For some reason I will never know, when I was in college, my mother decided to share with me that my brother described me as, “Not worth knowing.” That summation of my worth hurt beyond description, devastating me for quite a while, but eventually giving me a great gift –

What did I learn from my brother?

  • “Do what you can, with what you have, where you are,” attributed to Theodore Roosevelt, emphasizing resourcefulness, action, and making the most of your current situation to build momentum and achieve goals, rather than waiting for ideal circumstances. 
  • I learned to simply keep my head down and be who I am and not judge my “worth” by other people’s opinions or standards. I do the best I can do at any given time and that is enough.
  • I learned that my parents are human, as are we all.

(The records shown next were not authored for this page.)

(* Needed because degenerate only quantifies over nat-valued variables on the sample space nat. *)
lemma nat_relabelling:
  fixes M :: "'w pmf" and X :: "nat \<Rightarrow> 'w \<Rightarrow> 'v"
  obtains M' :: "nat pmf" and X' :: "nat \<Rightarrow> nat \<Rightarrow> nat"
  where "\<And>A. H M' X' A = H M X A" and "\<And>A. ent_finite M' (jointRV X' A) \<longleftrightarrow> ent_finite M (jointRV X A)"
proof -
  define S where "S = set_pmf M"
  define V where "V = (\<Union>i. X i ` S)"
  have S: "countable S" and V: "countable V" unfolding S_def V_def by auto
  define X' where "X' i m = to_nat_on V (X i (from_nat_into S m))" for i m
  have "H (map_pmf (to_nat_on S) M) X' A = H M X A \<and>
      (ent_finite (map_pmf (to_nat_on S) M) (jointRV X' A) \<longleftrightarrow> ent_finite M (jointRV X A))" for A
  proof -
    define F where "F r = restrict (\<lambda>i. to_nat_on V (r i)) A" for r :: "nat \<Rightarrow> 'v"
    have "jointRV X' A (to_nat_on S \<omega>) = F (jointRV X A \<omega>)" if "\<omega> \<in> set_pmf M" for \<omega>
      using that from_nat_into_to_nat_on[OF S] by (auto simp: jointRV_def X'_def F_def S_def)
    moreover have "inj_on F (jointRV X A ` set_pmf M)"
    proof (rule inj_onI)
      fix r s assume "r \<in> jointRV X A ` set_pmf M" "s \<in> jointRV X A ` set_pmf M" and Frs: "F r = F s"
      then obtain \<omega>1 \<omega>2 where \<omega>: "\<omega>1 \<in> S" "\<omega>2 \<in> S" and rs: "r = jointRV X A \<omega>1" "s = jointRV X A \<omega>2"
        unfolding S_def by blast
      show "r = s"
      proof (rule extensionalityI[of _ A])
        show "r \<in> extensional A" "s \<in> extensional A" unfolding rs by (simp_all add: jointRV_def)
        fix i assume "i \<in> A"
        then have "to_nat_on V (r i) = to_nat_on V (s i)" using fun_cong[OF Frs, of i] by (simp add: F_def)
        then have "X i \<omega>1 = X i \<omega>2"
          using \<open>i \<in> A\<close> \<omega> inj_on_to_nat_on[OF V] unfolding rs by (auto simp: jointRV_def V_def dest: inj_onD)
        then show "r i = s i" unfolding rs by (simp add: jointRV_def)
      qed
    qed
    ultimately show ?thesis unfolding H_def by (metis ent_map_pmf_inj)
  qed
  then show thesis by (intro that) blast+
qed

They didn’t mean to create a situation where my brother and I competed and I felt failure and loss of love due to the results of the “contest.” What they wanted to create was an atmosphere where we met whatever standards were set and surpassed expectations when possible. They wanted us to succeed, feel the joy of a job well done, of achievement. They wanted us to set high goals, meet them, and then set others.
  • I learned that my brother wasn’t perfect, and that relationships either develop and thrive or they don’t. His opinion actually made me set goals for myself to try to prove him wrong. That didn’t happen, but I learned it didn’t NEED to happen.
  • I am more independent, self-directed, and loving toward the people I care about than I probably would have been otherwise.
  • I am never bored. I always have more to do than time or energy to do them.

Especially now, when my parents and my brother are gone, I can concentrate on happy memories – like when my brother and I won the men’s division and women’s division respectively in ping pong at my parent’s swimming club several years running. I thank him for making me strong enough to face whatever life throws at me, changing what I can and adapting when I need to, even thriving when life throws yet another curve ball.